Source data:
(* Let $(X_1,Y_1)^\top,\dots,(X_n,Y_n)^\top$ be i.i.d. with the same distribution as the random element $(X,Y)^\top$ of $\mathcal{H}\times\mathcal{H}$. Let $\eta_n=\sup_{\|u\|=\|v\|=1}|g_n(u,v)-\gamma_{XY}(u,v)|$, $\zeta_n=\sup_{\|u\|=1}|s_{n,X}^2(u)-\sigma_X^2(u)|$ and $\nu_n=\sup_{\|v\|=1}|s_{n,Y}^2(v)-\sigma_Y^2(v)|$. Assume: (C1) there exist $c>0$ and a self-adjoint, positive, compact operator $\Gamma=\begin{pmatrix}\Gamma_{11}&\Gamma_{12}\\ \Gamma_{21}&\Gamma_{22}\end{pmatrix}$ on $\mathcal{H}\times\mathcal{H}$ such that for all $u,v\in\mathcal{H}$, $\sigma_X^2(u)=c\langle u,\Gamma_{11}u\rangle$, $\sigma_Y^2(v)=c\langle v,\Gamma_{22}v\rangle$, $\gamma_{XY}(u,v)=c\langle u,\Gamma_{12}v\rangle$, and the eigenfunctions of $\Gamma_{11}$ and $\Gamma_{22}$ lie in $\mathcal{H}_{\mathrm{smooth}}$; (C3) (a) for every $u\in\mathcal{N}$, $u\neq0$, $\sigma_X(u)\ne0$ and $\sigma_Y(u)\neq0$; (b) $\mathcal{N}$ is finite dimensional and there exists $d>0$ such that $\Psi(u)>d\|u\|^2$ for all $u\in\mathcal{N}^\perp$. If $\tau_n\to0$ and $\tau_n^{-1}\max(\zeta_n,\nu_n,\eta_n)\to0$ almost surely as $n\to\infty$, then $C_{n,X}\to0$, $C_{n,Y}\to0$ and $C_{n,XY}\to0$ almost surely.
   Context: $\mathcal{H}$ is a separable real Hilbert space with inner product $\langle\cdot,\cdot\rangle$ and norm $\|\cdot\|$. A bivariate co-association functional $\gamma_{\mathrm{R}}$ assigns a real number to each bivariate distribution with $\gamma_{\mathrm{R}}(U,V)=\gamma_{\mathrm{R}}(V,U)$ and $\gamma_{\mathrm{R}}(aU+b,cV+d)=ac\,\gamma_{\mathrm{R}}(U,V)$; a scale functional $\sigma_{\mathrm{R}}\ge0$ satisfies $\sigma_{\mathrm{R}}(aU+b)=|a|\sigma_{\mathrm{R}}(U)$; it is assumed $\gamma_{\mathrm{R}}^2(U,V)\le\sigma_{\mathrm{R}}^2(U)\sigma_{\mathrm{R}}^2(V)$. For $u,v\in\mathcal{H}$: $\sigma_X(u)$, $\sigma_Y(v)$, $\gamma_{XY}(u,v)$ are $\sigma_{\mathrm{R}}$ of the law of $\langle u,X\rangle$, $\sigma_{\mathrm{R}}$ of the law of $\langle v,Y\rangle$, and $\gamma_{\mathrm{R}}$ of the law of $(\langle u,X\rangle,\langle v,Y\rangle)$; $s_{n,X}(u)$, $s_{n,Y}(v)$, $g_n(u,v)$ are the same functionals applied to the empirical distributions of $\langle u,X_i\rangle$, $\langle v,Y_i\rangle$, and $(\langle u,X_i\rangle,\langle v,Y_i\rangle)$, $1\le i\le n$. $\mathcal{H}_{\mathrm{smooth}}\subset\mathcal{H}$ is the set of smooth elements, $D:\mathcal{H}_{\mathrm{smooth}}\to\mathcal{H}$ is linear, $\lceil u,v\rceil=\langle Du,Dv\rangle$, $\Psi(u)=\lceil u,u\rceil$, $\mathcal{N}$ is the null space of $\lceil\cdot,\cdot\rceil$ and $\mathcal{N}^\perp$ its orthogonal complement. For $u,v\in\mathcal{H}_{\mathrm{smooth}}$, $\|u\|_{1,\tau}^2=\sigma_X^2(u)+\tau\Psi(u)$, $\|v\|_{2,\tau}^2=\sigma_Y^2(v)+\tau\Psi(v)$; $C_{n,X}=\sup_{\|u\|_{1,\tau_n}=1}|s_{n,X}^2(u)-\sigma_X^2(u)|$, $C_{n,Y}=\sup_{\|v\|_{2,\tau_n}=1}|s_{n,Y}^2(v)-\sigma_Y^2(v)|$, $C_{n,XY}=\sup_{\|u\|_{1,\tau_n}=\|v\|_{2,\tau_n}=1}|g_n(u,v)-\gamma_{XY}(u,v)|$. *)

theory Defs
  imports "HOL-Probability.Probability"
begin
lemma discriminant_generators_relations:
  assumes q: "q \<noteq> 0"
  shows "inN (addQ (smulQ m (0, 1 / of_int q)) (smulQ n (1 / (5 * of_int q), -2 / (5 * of_int q))))
     \<longleftrightarrow> q dvd m \<and> 5 * q dvd n"
proof -
  let ?u = "of_int m / of_int q :: rat" and ?v = "of_int n / of_int (5 * q) :: rat"
  have "addQ (smulQ m (0, 1 / of_int q)) (smulQ n (1 / (5 * of_int q), -2 / (5 * of_int q)))
      = (?v, ?u - 2 * ?v)"
    by (simp add: addQ_def smulQ_def)
  moreover have "?v \<in> \<int> \<and> ?u - 2 * ?v \<in> \<int> \<longleftrightarrow> ?u \<in> \<int> \<and> ?v \<in> \<int>"
    by (metis Ints_add Ints_diff Ints_mult Ints_numeral diff_add_cancel)
  ultimately show ?thesis
    using q of_int_divide_in_Ints_iff[OF q, of m] of_int_divide_in_Ints_iff[of "5 * q" n]
    by (simp add: inN_iff_Ints)
qed

lemma eta6_minus_id_on_discriminant_iff:
  assumes q: "q \<noteq> 0"
  shows "(\<forall>y \<in> dual (gram_form q). inN (addQ ((eta_mulQ ^^ 6) y) y)) \<longleftrightarrow> q \<in> {1, -1, 2, -2}"
proof
  assume "\<forall>y \<in> dual (gram_form q). inN (addQ ((eta_mulQ ^^ 6) y) y)"
  then have "inN (addQ ((eta_mulQ ^^ 6) (0, 1 / of_int q)) (0, 1 / of_int q))"
    using discriminant_generators_in_dual(1)[OF q] by blast
  then have "(of_int 8 / of_int q :: rat) \<in> \<int>" "(of_int 14 / of_int q :: rat) \<in> \<int>"
    unfolding inN_iff_Ints eta_mulQ_pow6 addQ_def by (simp_all add: field_simps)
  then have "q dvd 8" "q dvd 14" using of_int_divide_in_Ints_iff[OF q] by blast+
  then have "q dvd 2 * 8 - 14" by (intro dvd_diff dvd_mult)
  then have "\<bar>q\<bar> \<le> 2" using dvd_imp_le_int[of 2 q] by simp
  with q show "q \<in> {1, -1, 2, -2}" by auto
next
  assume "q \<in> {1, -1, 2, -2}"
  then obtain r where "2 = q * r" by (auto intro: dvdE[of q 2])
  then have "(2 :: rat) = of_int q * of_int r" by (metis of_int_mult of_int_numeral)
  then have r: "2 / of_int q = (of_int r :: rat)" using q by (simp add: field_simps)
  show "\<forall>y \<in> dual (gram_form q). inN (addQ ((eta_mulQ ^^ 6) y) y)"
  proof
    fix y assume "y \<in> dual (gram_form q)"
    then obtain A C where A: "2 * of_int q * fst y + of_int q * snd y = of_int A"
      and C: "of_int q * fst y - 2 * of_int q * snd y = of_int C"
      by (rule dual_gram_form_obtain)
    have "addQ ((eta_mulQ ^^ 6) y) y = (of_int (r * (2 * A - C)), of_int (r * (3 * A - 2 * C)))"
      unfolding eta_mulQ_pow6 addQ_def of_int_mult of_int_diff r[symmetric] A[symmetric] C[symmetric]
      using q by (simp add: field_simps)
    then show "inN (addQ ((eta_mulQ ^^ 6) y) y)" by (simp add: inN_iff_Ints)
  qed
qed

theorem proposition3p3:
  shows "(\<forall>B. even_hyperbolic B \<and> isometry B (eta_mul ^^ 2) \<longrightarrow>
      (\<exists>q::int. q \<noteq> 0 \<and>
         \<comment> \<open>(1) Gram matrix\<close>
         B e1 e1 = 2*q \<and> B e1 e2 = q \<and> B e2 e1 = q \<and> B e2 e2 = -2*q \<and>
         \<comment> \<open>(2) N^*/N = <e2/q> (+) <(e1-2e2)/(5q)> = Z/q (+) Z/5q\<close>
         (let u = (0::rat, 1 / of_int q);
              v = (1 / (5 * of_int q), -2 / (5 * of_int q))
          in u \<in> dual B \<and> v \<in> dual B \<and>
             (\<forall>y \<in> dual B. \<exists>m n. inN (addQ y (addQ (smulQ m u) (smulQ n v)))) \<and>
             (\<forall>m n. inN (addQ (smulQ m u) (smulQ n v)) \<longleftrightarrow> q dvd m \<and> (5*q) dvd n)) \<and>
         \<comment> \<open>(3) isotropic and (-2)/(2)-vectors\<close>
         (\<not> (\<exists>x. x \<noteq> (0,0) \<and> B x x = 0)) \<and>
         ((\<not> (\<exists>x. B x x = 2 \<or> B x x = -2)) \<longleftrightarrow> q \<noteq> 1 \<and> q \<noteq> -1) \<and>
         \<comment> \<open>(4) eta^6 acts as -id on N^*/N\<close>
         ((\<forall>y \<in> dual B. inN (addQ ((eta_mulQ ^^ 6) y) y)) \<longleftrightarrow> q \<in> {1, -1, 2, -2}))) \<and>
    (\<forall>q::int. q \<noteq> 0 \<longrightarrow>
       gram_form q e1 e1 = 2*q \<and> gram_form q e1 e2 = q \<and> gram_form q e2 e1 = q \<and>
       gram_form q e2 e2 = -2*q \<and>
       even_hyperbolic (gram_form q) \<and> isometry (gram_form q) (eta_mul ^^ 2))"
proof (intro conjI allI impI, goal_cases)
  case (1 B)
  then obtain q where q: "q \<noteq> 0" and B: "B = gram_form q"
    using even_hyperbolic_eta_sq_isometry_imp_gram_form by blast
  show ?case
    unfolding B Let_def
    using q gram_form_basis[of q] discriminant_generators_in_dual[OF q]
      discriminant_generators_span[OF q] discriminant_generators_relations[OF q]
      gram_form_anisotropic[OF q] gram_form_represents_pm2_iff[of q]
      eta6_minus_id_on_discriminant_iff[OF q]
    by blast
qed (simp_all add: gram_form_basis even_hyperbolic_gram_form isometry_gram_form_eta_mul_pow2)

end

▶ [Required work]:
The answer must consist solely of the number of lines in the entries that contain the word "shows".

▶ [Reply]:
3